Bahkan Tak Mampu Memberi Judul pada Tulisan Ini


Terkadang, seseorang merasa memiliki terlalu banyak waktu luang hingga tak tahu apakah kehadirannya di antara manusia-manusia yang lain ada gunanya. Namun juga tak jarang, seseorang merasa 24 jam pun masih sangat kurang untuk melakukan berbagai macam hal. Setiap kali aku berhenti membiarkan pikiranku melalang buana di berbagai arah dan mencoba menjadi berguna barang satu menit untuk fokus lalu berpikir, aku selalu menyadari bahwa sesungguhnya manusia tidak berbeda barang satu hal pun. Manusia sama-sama punya waktu 24 jam sehari untuk digunakan melakukan apa pun semau mereka, terlepas dari rutinitas, deadline, dan jadwal yang mengatur tubuh serta pikiran mereka. Tapi menjadikan setiap menit bahkan setiap detik menjadi berguna, adalah maha karya akal yang mereka buat sendiri. Hal ini yang terkadang menimbulkan perbedaan. 

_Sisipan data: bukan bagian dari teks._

(* For every finite metric $(V,d)$ with root $r$, every $M>0$, and every Level-Prim tree $\mathcal H$ of $G$ (with respect to $r$ and $M$), we have $d(\mathcal H)\le 8\cdot\mathrm{MST}(G)$.
   Context: Levels: $V_0=\{u:d(r,u)\le M\}$, and for $i\ge1$, $V_i=\{u:2^{i-1}M<d(r,u)\le2^iM\}$. Write $V_{\le i}=\bigcup_{j\le i}V_j$ and $V_{<i}=V_{\le i-1}$, with $V_{<0}=\emptyset$. $G$ is the complete graph on $V$ weighted by $d$. $G[U]$ is the induced subgraph, and $G/U$ contracts $U$ to one vertex, keeping parallel edges. $\mathrm{MST}(G)$ is the minimum spanning tree weight, and $d(F)$ is the total weight of an edge set $F$. Level-Prim tree: $H_i$ is a minimum spanning tree of $G[V_{\le i}]/V_{<i}$, viewed as edges of $G$, and $\mathcal H=\bigcup_{i\ge0}H_i$. *)

theory Defs
  imports Complex_Main "HOL-Library.Uprod"
begin

definition finite_metric :: "'a set \<Rightarrow> ('a \<Rightarrow> 'a \<Rightarrow> real) \<Rightarrow> bool" where
  "finite_metric V d \<longleftrightarrow> finite V \<and>
     (\<forall>x\<in>V. d x x = 0) \<and>
     (\<forall>x\<in>V. \<forall>y\<in>V. x \<noteq> y \<longrightarrow> d x y > 0) \<and>
     (\<forall>x\<in>V. \<forall>y\<in>V. d x y = d y x) \<and>
     (\<forall>x\<in>V. \<forall>y\<in>V. \<forall>z\<in>V. d x z \<le> d x y + d y z)"

definition level :: "'a set \<Rightarrow> ('a \<Rightarrow> 'a \<Rightarrow> real) \<Rightarrow> 'a \<Rightarrow> real \<Rightarrow> nat \<Rightarrow> 'a set" where
  "level V d r M i =
     (if i = 0 then {u\<in>V. d r u \<le> M}
      else {u\<in>V. 2 ^ (i - 1) * M < d r u \<and> d r u \<le> 2 ^ i * M})"

definition level_le :: "'a set \<Rightarrow> ('a \<Rightarrow> 'a \<Rightarrow> real) \<Rightarrow> 'a \<Rightarrow> real \<Rightarrow> nat \<Rightarrow> 'a set" where
  "level_le V d r M i = (\<Union>j\<in>{..i}. level V d r M j)"

definition level_lt :: "'a set \<Rightarrow> ('a \<Rightarrow> 'a \<Rightarrow> real) \<Rightarrow> 'a \<Rightarrow> real \<Rightarrow> nat \<Rightarrow> 'a set" where
  "level_lt V d r M i = (\<Union>j\<in>{..<i}. level V d r M j)"

text \<open>Edges of the complete graph G are unordered pairs Upair u v with u \<noteq> v.
  The weight of an edge is d u v; the weight of an edge set is the sum.\<close>
definition edge_len :: "('a \<Rightarrow> 'a \<Rightarrow> real) \<Rightarrow> 'a uprod \<Rightarrow> real" where
  "edge_len d e = (THE x. \<exists>u v. e = Upair u v \<and> x = d u v)"

definition weight :: "('a \<Rightarrow> 'a \<Rightarrow> real) \<Rightarrow> 'a uprod set \<Rightarrow> real" where
  "weight d F = (\<Sum>e\<in>F. edge_len d e)"

text \<open>Contraction map of G[U]/W: vertices of W become the single vertex None
  (when W is empty nothing is contracted).\<close>
definition contr :: "'a set \<Rightarrow> 'a \<Rightarrow> 'a option" where
  "contr W x = (if x \<in> W then None else Some x)"

text \<open>Edges of the multigraph G[U]/W, viewed as edges of G: edges of G[U] that do not
  become loops (i.e. not both endpoints in W). Parallel edges are kept since distinct
  edges of G are distinct edges.\<close>
definition contr_edges :: "'a set \<Rightarrow> 'a set \<Rightarrow> 'a uprod set" where
  "contr_edges U W = {Upair u v | u v. u \<in> U \<and> v \<in> U \<and> u \<noteq> v \<and> \<not> (u \<in> W \<and> v \<in> W)}"

text \<open>F (a set of edges of G) is a spanning tree of G[U]/W: a connected spanning
  subgraph of the contracted multigraph with (number of vertices - 1) edges.\<close>
definition spanning_tree_contr :: "'a set \<Rightarrow> 'a set \<Rightarrow> 'a uprod set \<Rightarrow> bool" where
  "spanning_tree_contr U W F \<longleftrightarrow>
     F \<subseteq> contr_edges U W \<and> finite F \<and>
     card F + 1 = card (contr W ` U) \<and>
     (\<forall>x\<in>U. \<forall>y\<in>U. (contr W x, contr W y) \<in>
        {(contr W u, contr W v) | u v. Upair u v \<in> F}\<^sup>*)"

definition MST_contr :: "('a \<Rightarrow> 'a \<Rightarrow> real) \<Rightarrow> 'a set \<Rightarrow> 'a set \<Rightarrow> 'a uprod set \<Rightarrow> bool" where
  "MST_contr d U W F \<longleftrightarrow> spanning_tree_contr U W F \<and>
     (\<forall>F'. spanning_tree_contr U W F' \<longrightarrow> weight d F \<le> weight d F')"

definition MST_weight :: "'a set \<Rightarrow> ('a \<Rightarrow> 'a \<Rightarrow> real) \<Rightarrow> real" where
  "MST_weight V d = Min {weight d F | F. spanning_tree_contr V {} F}"

definition level_prim_tree :: "'a set \<Rightarrow> ('a \<Rightarrow> 'a \<Rightarrow> real) \<Rightarrow> 'a \<Rightarrow> real \<Rightarrow> 'a uprod set \<Rightarrow> bool" where
  "level_prim_tree V d r M H \<longleftrightarrow>
     (\<exists>Hs :: nat \<Rightarrow> 'a uprod set.
        (\<forall>i. MST_contr d (level_le V d r M i) (level_lt V d r M i) (Hs i)) \<and>
        H = (\<Union>i. Hs i))"

end

theory Submission
  imports Defs
begin

text \<open>
  Let T be a minimum spanning tree of G.  Doubling T gives a closed walk from the
  root r through all vertices of length at most 2 d(T).  Fix a level i.  Cutting the walk at its
  visits to V_{\<le>i}, each piece between consecutive visits x and y is replaced by the edge xy if
  the piece stays within radius 2^(i+1) M, and by the two edges xr, yr otherwise.  These edges
  connect G[V_{\<le>i}]/V_{<i}, hence contain a spanning tree of it, so the minimum spanning tree
  H_i weighs at most their total.  That total is bounded by the level-i charge of the walk, which
  charges a step ab its length d(a,b) on the (at most two) levels where it is active, plus the
  change of its radius d(r,.) clamped to [2^i M, 2^(i+1) M].  Summed over all levels the clamped
  terms telescope to |d(r,a) - d(r,b)| \<le> d(a,b), so every step pays at most 3 d(a,b) in total
  and d(H) \<le> 3 \<cdot> 2 d(T) = 6 MST(G), which is stronger than the claimed factor 8.
\<close>

lemma Upair_swap: "Upair b a = Upair a b"
  by simp

definition contr_rel :: "'a set \<Rightarrow> 'a uprod set \<Rightarrow> ('a option \<times> 'a option) set" where
  "contr_rel W E = {(contr W u, contr W v) | u v. Upair u v \<in> E}"

definition joined :: "'a set \<Rightarrow> 'a uprod set \<Rightarrow> 'a \<Rightarrow> 'a \<Rightarrow> bool" where
  "joined W E x y \<longleftrightarrow> (contr W x, contr W y) \<in> (contr_rel W E)\<^sup>*"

Setiap manusia seharusnya sadar akan keberadaan yang memberikan kebergunaan, entah bagi diri sendiri maupun orang lain. Beberapa orang merasa lebih berguna dengan melakukan sesuatu yang menyenangkan orang lain, sedangkan beberapa orang yang lain, merasa terlalu egois karena menganggap segala sesuatu yang melibatkan orang lain hanyalah kesia-siaan belaka. Sehingga mereka merasa belum melakukan kebergunaan apa pun, karena mereka haus akan pemenuhan kebutuhan mereka sendiri, alih-alih orang lain. Tidak ada yang salah. Tidak ada yang salah dengan menjadi egois. Setiap orang berhak merasa egois, dicap egois, atau memang mengegoiskan diri karena merasa nyaman dengan sifat itu. Karena semuanya akan kembali lagi pada subjektivitas setiap orang. Mungkin bagi si A melakukan hal a adalah suatu kebergunaan, tapi tidak bagi si B, karena ia menggenggam prinsip kebergunaanya sendiri yang belum tentu searah dengan prinsip kebergunaan A. 

Namun terkadang seseorang lupa akan maksud dari kebergunaan. Karena terkadang mereka menjejal-jejalkan nilai yang ingin dilihat orang sebagai 'sesuatu yang berguna' ke dalam keseharian mereka. Ooh maaf, bukan terkadang. Bahkan sering. Seseorang sering lupa untuk berpijak pada esensi dari setiap langkah yang mereka buat, bahkan setiap hembusan nafas yang menjaga mereka tetap hidup. Mungkin hiruk pikuk lah yang membuat mereka senggol-menyenggol sehingga keinginan mereka menjadi hanya sebatas apa yang terlihat di permukaan. Sekedar menyeruput tanpa tahu apa yang terendap di kedalaman. Sekedar melompat dari satu batu ke batu lain tanpa menyadari aliran sungai pada batu-batu itu menyimpan banyak ikan atau bahkan tenaga untuk mengalirkan listrik. 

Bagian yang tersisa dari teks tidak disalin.